● **TASK TO CARRY OUT**:
Filter this material down to the lines that contain the string "induction", and return those lines.

##### ENTRIES SUPPLIED

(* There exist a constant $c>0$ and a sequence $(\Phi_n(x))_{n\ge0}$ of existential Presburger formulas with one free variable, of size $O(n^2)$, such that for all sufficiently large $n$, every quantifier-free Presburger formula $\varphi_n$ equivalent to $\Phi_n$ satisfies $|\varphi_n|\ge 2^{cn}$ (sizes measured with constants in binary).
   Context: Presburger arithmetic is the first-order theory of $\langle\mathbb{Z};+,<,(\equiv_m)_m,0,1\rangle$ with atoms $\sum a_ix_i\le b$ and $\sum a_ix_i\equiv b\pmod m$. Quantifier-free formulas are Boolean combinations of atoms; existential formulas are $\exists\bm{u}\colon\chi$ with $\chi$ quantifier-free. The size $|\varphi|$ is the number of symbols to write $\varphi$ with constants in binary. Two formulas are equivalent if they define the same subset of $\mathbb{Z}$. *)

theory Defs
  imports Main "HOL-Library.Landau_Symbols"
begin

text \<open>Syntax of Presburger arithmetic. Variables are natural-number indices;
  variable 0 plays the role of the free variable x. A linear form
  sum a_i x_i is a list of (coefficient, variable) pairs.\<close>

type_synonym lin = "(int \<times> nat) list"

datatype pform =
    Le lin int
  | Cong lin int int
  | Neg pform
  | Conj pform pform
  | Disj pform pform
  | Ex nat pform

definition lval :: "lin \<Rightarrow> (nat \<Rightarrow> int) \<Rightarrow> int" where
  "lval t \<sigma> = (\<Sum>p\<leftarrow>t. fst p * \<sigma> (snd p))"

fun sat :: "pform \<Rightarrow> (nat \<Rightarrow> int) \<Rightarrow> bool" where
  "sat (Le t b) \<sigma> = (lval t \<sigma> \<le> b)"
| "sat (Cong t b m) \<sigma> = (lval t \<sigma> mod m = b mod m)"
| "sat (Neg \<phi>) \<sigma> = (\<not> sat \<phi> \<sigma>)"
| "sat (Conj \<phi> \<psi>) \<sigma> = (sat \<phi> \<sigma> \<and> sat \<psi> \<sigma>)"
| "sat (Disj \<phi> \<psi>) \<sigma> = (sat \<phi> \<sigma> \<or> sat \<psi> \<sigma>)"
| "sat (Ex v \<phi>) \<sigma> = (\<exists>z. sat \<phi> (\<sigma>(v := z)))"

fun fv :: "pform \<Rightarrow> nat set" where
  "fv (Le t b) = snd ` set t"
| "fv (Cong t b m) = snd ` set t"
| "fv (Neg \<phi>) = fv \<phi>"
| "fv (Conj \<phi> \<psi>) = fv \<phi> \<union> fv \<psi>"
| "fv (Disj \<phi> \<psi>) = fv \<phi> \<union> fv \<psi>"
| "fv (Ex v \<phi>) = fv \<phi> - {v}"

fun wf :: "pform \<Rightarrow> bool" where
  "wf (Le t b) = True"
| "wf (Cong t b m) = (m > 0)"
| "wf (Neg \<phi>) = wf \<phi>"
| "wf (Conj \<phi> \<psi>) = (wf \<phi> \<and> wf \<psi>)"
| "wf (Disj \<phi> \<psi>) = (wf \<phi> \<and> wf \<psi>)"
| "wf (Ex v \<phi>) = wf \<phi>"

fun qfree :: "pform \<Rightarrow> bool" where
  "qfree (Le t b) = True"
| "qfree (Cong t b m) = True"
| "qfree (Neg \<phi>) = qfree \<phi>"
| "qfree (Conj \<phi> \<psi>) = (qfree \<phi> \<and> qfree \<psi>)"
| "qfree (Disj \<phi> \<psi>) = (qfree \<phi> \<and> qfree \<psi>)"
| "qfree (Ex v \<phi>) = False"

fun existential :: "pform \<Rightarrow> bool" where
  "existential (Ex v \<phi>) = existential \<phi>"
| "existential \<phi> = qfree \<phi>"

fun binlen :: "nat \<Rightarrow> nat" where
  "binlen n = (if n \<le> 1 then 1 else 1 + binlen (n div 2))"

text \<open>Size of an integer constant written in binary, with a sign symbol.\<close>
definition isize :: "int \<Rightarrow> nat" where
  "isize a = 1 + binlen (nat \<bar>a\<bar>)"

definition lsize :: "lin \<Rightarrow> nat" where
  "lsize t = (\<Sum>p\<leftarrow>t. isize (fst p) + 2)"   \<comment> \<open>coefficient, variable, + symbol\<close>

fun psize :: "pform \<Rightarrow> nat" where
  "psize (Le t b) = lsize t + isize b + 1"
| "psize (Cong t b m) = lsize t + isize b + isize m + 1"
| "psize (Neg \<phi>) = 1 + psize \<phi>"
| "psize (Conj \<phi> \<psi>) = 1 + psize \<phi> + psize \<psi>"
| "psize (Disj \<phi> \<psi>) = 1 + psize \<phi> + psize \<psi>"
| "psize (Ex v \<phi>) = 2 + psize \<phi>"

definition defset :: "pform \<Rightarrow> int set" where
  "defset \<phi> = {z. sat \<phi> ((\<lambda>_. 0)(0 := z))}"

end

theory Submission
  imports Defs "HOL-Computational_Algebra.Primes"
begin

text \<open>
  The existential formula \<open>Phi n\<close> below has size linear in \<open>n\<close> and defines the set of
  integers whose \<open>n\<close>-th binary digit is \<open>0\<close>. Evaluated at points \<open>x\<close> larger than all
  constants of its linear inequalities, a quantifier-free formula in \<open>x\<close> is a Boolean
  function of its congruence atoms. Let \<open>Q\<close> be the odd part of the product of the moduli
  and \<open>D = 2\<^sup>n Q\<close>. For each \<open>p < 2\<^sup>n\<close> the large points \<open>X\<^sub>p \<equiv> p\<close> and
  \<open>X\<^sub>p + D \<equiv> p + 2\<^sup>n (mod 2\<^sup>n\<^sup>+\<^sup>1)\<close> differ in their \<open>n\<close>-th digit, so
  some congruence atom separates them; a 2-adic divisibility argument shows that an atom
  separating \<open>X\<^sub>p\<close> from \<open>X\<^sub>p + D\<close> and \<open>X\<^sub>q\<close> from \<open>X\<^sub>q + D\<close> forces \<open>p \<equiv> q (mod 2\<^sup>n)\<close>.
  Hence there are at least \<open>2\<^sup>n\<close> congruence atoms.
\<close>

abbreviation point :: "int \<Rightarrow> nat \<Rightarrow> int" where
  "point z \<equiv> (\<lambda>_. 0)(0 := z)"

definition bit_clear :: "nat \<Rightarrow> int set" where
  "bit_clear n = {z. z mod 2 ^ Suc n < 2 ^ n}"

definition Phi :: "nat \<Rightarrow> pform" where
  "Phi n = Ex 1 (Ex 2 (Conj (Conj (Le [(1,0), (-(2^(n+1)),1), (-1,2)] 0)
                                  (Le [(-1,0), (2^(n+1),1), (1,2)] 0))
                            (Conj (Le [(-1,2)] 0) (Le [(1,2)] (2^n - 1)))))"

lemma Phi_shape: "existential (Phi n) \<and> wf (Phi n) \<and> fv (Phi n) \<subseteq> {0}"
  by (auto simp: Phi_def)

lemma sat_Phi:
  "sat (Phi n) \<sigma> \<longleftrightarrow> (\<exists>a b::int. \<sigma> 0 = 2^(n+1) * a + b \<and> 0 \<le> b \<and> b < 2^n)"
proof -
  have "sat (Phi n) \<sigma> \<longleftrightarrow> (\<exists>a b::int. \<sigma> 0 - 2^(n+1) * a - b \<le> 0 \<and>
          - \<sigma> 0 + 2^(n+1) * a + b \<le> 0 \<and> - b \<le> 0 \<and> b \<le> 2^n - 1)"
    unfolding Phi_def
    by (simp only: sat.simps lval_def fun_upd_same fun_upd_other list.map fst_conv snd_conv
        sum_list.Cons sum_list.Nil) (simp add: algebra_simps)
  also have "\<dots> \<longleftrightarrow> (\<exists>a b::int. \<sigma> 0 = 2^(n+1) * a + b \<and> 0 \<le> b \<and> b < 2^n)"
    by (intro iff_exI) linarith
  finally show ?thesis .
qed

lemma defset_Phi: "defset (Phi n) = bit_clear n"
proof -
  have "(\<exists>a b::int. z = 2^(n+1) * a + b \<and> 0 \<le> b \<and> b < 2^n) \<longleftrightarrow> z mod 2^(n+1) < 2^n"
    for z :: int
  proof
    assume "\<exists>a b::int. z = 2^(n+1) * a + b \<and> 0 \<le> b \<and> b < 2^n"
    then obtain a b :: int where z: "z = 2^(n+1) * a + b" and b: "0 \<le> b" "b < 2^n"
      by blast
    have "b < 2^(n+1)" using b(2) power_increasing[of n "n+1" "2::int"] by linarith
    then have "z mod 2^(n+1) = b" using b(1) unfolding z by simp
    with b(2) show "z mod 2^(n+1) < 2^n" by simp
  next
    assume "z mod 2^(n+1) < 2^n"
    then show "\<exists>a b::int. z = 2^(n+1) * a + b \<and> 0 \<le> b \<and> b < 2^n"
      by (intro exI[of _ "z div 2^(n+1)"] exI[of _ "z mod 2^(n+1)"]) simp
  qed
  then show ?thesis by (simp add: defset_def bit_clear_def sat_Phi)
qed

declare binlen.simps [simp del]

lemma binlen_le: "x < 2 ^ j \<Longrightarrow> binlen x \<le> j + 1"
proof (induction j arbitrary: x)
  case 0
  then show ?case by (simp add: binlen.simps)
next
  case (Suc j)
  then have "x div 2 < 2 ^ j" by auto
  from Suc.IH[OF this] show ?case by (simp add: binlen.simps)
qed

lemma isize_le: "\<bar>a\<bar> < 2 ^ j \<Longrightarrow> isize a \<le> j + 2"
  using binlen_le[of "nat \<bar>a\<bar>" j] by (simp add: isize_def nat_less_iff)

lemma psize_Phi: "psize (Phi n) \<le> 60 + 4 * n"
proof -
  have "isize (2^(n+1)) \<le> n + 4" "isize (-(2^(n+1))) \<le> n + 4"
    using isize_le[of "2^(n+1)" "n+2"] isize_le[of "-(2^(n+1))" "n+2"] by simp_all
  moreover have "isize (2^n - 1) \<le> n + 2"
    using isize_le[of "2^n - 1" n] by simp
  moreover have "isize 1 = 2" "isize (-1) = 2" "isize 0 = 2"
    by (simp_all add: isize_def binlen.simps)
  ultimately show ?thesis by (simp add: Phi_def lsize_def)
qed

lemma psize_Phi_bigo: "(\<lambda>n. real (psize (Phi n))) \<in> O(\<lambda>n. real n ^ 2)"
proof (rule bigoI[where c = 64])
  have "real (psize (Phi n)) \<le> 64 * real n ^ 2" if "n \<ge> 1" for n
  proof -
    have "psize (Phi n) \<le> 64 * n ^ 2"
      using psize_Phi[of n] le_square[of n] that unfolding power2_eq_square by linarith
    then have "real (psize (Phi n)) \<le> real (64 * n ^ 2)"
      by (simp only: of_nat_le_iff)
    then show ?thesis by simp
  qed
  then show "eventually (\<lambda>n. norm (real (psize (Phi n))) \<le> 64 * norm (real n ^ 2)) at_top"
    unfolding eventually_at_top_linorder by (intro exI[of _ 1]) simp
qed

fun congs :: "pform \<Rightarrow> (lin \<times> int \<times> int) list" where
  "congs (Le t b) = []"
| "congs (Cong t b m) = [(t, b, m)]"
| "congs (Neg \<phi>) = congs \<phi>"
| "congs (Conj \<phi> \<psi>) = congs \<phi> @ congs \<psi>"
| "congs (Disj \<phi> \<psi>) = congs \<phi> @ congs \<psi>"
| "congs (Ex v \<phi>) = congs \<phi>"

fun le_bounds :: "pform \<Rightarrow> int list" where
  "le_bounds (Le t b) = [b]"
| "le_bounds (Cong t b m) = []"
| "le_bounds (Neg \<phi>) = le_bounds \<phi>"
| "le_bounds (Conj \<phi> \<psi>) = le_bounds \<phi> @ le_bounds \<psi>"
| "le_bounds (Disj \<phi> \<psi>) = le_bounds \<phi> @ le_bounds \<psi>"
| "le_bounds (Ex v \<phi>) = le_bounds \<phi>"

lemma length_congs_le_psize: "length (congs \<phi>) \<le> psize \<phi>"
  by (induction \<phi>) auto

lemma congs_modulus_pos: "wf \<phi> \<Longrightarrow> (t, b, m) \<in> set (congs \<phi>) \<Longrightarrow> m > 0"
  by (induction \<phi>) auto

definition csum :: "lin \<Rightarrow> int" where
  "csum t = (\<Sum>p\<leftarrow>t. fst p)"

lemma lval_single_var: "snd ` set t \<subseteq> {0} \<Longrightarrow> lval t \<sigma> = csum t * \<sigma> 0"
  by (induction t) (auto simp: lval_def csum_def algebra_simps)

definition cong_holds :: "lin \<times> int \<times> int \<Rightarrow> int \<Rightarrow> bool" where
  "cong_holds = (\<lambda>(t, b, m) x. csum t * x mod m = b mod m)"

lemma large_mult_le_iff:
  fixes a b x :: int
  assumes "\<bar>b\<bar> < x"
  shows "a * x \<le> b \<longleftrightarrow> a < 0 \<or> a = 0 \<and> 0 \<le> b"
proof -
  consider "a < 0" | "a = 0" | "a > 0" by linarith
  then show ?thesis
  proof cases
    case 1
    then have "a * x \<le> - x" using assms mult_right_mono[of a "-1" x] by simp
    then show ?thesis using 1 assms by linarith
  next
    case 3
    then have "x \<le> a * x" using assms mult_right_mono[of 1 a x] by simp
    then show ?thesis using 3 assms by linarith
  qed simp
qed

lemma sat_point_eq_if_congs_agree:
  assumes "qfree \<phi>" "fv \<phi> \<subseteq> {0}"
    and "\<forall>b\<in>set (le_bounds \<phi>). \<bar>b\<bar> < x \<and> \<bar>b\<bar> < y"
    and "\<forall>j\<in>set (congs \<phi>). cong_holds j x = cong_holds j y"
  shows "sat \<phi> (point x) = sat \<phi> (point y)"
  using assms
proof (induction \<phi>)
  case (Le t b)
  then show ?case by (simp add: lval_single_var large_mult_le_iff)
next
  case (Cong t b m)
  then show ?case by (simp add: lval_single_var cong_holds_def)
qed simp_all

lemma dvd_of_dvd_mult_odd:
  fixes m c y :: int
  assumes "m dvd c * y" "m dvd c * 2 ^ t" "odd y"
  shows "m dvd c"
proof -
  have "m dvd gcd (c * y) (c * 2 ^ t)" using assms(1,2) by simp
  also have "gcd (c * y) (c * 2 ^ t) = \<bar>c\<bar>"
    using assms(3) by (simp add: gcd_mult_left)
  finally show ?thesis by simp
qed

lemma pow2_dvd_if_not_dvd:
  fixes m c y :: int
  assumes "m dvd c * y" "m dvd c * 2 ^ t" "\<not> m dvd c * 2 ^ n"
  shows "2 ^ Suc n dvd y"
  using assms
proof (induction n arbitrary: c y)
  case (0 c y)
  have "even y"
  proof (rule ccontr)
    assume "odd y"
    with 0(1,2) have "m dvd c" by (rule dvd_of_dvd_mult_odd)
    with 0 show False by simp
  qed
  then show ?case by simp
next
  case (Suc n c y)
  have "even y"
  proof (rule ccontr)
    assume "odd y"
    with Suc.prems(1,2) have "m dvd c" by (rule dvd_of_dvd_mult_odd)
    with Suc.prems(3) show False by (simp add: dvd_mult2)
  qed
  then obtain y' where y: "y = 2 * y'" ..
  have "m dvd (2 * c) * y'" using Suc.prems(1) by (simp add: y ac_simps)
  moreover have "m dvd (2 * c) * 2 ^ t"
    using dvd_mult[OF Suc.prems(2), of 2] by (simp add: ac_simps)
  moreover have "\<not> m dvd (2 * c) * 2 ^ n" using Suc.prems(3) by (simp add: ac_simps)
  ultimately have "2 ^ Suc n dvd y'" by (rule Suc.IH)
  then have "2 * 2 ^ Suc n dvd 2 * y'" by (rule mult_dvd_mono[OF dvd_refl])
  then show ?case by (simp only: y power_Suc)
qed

##########
##### ENTRIES SUPPLIED

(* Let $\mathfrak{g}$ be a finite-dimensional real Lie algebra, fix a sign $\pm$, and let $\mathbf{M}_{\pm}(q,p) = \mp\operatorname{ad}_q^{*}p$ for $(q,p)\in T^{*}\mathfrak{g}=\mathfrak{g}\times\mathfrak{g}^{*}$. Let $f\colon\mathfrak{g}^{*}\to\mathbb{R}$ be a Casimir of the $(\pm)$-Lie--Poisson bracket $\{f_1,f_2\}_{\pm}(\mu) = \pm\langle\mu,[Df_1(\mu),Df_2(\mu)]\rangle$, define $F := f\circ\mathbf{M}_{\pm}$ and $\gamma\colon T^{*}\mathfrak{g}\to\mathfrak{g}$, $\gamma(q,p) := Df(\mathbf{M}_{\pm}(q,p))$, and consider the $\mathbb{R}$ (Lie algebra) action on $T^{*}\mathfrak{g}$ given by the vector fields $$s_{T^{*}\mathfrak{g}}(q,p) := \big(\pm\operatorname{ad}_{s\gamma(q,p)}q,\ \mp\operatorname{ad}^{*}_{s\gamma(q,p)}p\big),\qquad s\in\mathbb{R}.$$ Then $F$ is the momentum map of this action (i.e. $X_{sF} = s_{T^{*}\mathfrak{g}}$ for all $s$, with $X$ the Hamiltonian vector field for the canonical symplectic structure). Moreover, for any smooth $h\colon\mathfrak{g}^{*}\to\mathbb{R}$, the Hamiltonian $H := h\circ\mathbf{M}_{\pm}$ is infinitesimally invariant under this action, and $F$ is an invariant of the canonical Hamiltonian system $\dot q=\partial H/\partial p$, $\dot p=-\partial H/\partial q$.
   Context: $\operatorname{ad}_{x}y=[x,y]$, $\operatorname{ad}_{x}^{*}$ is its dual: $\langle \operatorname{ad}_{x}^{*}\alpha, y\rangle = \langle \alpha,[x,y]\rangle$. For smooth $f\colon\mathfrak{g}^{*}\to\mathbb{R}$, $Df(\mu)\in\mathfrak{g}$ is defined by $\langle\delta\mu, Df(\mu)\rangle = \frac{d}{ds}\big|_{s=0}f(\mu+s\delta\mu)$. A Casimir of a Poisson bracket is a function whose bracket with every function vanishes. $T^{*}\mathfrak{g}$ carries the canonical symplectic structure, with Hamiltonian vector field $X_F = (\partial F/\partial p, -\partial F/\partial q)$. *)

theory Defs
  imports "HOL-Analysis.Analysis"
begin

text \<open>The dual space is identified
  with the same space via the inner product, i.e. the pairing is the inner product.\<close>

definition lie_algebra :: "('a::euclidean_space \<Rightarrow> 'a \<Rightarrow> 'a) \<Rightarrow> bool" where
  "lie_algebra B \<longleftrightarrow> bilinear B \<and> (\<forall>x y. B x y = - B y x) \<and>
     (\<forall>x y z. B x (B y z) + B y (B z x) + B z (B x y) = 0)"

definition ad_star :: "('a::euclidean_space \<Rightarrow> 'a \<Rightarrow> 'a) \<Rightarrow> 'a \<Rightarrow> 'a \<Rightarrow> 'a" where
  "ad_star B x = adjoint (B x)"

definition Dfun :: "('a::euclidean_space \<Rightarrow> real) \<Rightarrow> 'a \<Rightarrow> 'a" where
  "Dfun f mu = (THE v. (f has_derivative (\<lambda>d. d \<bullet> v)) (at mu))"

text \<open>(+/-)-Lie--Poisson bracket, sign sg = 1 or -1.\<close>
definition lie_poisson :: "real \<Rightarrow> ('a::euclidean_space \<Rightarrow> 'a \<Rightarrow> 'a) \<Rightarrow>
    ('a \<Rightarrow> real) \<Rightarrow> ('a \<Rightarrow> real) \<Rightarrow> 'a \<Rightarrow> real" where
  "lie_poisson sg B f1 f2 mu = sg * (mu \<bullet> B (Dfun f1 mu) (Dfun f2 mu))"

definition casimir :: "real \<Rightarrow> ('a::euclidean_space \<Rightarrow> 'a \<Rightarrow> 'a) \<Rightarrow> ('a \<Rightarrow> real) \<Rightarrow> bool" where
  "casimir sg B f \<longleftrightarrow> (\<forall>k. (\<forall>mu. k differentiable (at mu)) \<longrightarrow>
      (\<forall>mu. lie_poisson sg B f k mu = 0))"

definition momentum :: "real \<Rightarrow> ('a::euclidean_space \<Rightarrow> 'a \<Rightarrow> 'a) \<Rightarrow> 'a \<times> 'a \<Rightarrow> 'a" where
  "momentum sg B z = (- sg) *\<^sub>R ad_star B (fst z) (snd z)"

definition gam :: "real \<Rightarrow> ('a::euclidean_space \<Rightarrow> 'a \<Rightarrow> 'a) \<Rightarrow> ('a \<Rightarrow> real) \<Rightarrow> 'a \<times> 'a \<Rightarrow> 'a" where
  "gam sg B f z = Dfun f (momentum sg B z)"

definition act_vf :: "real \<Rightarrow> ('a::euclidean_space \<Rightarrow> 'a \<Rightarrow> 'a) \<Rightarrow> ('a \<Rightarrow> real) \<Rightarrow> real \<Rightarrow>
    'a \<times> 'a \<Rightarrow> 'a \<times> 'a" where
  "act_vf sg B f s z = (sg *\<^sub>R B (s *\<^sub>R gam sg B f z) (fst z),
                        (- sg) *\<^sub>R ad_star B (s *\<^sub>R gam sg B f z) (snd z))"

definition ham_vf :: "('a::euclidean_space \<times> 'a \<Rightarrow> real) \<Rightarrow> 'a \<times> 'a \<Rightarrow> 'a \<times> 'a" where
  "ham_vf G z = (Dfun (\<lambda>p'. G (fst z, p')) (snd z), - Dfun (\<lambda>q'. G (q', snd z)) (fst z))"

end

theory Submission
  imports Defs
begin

##########

● **SOLUTION TO THIS EXERCISE**:
proof (induction j arbitrary: x)
  by (induction \<phi>) auto
  by (induction \<phi>) auto
  by (induction t) (auto simp: lval_def csum_def algebra_simps)
proof (induction \<phi>)
proof (induction n arbitrary: c y)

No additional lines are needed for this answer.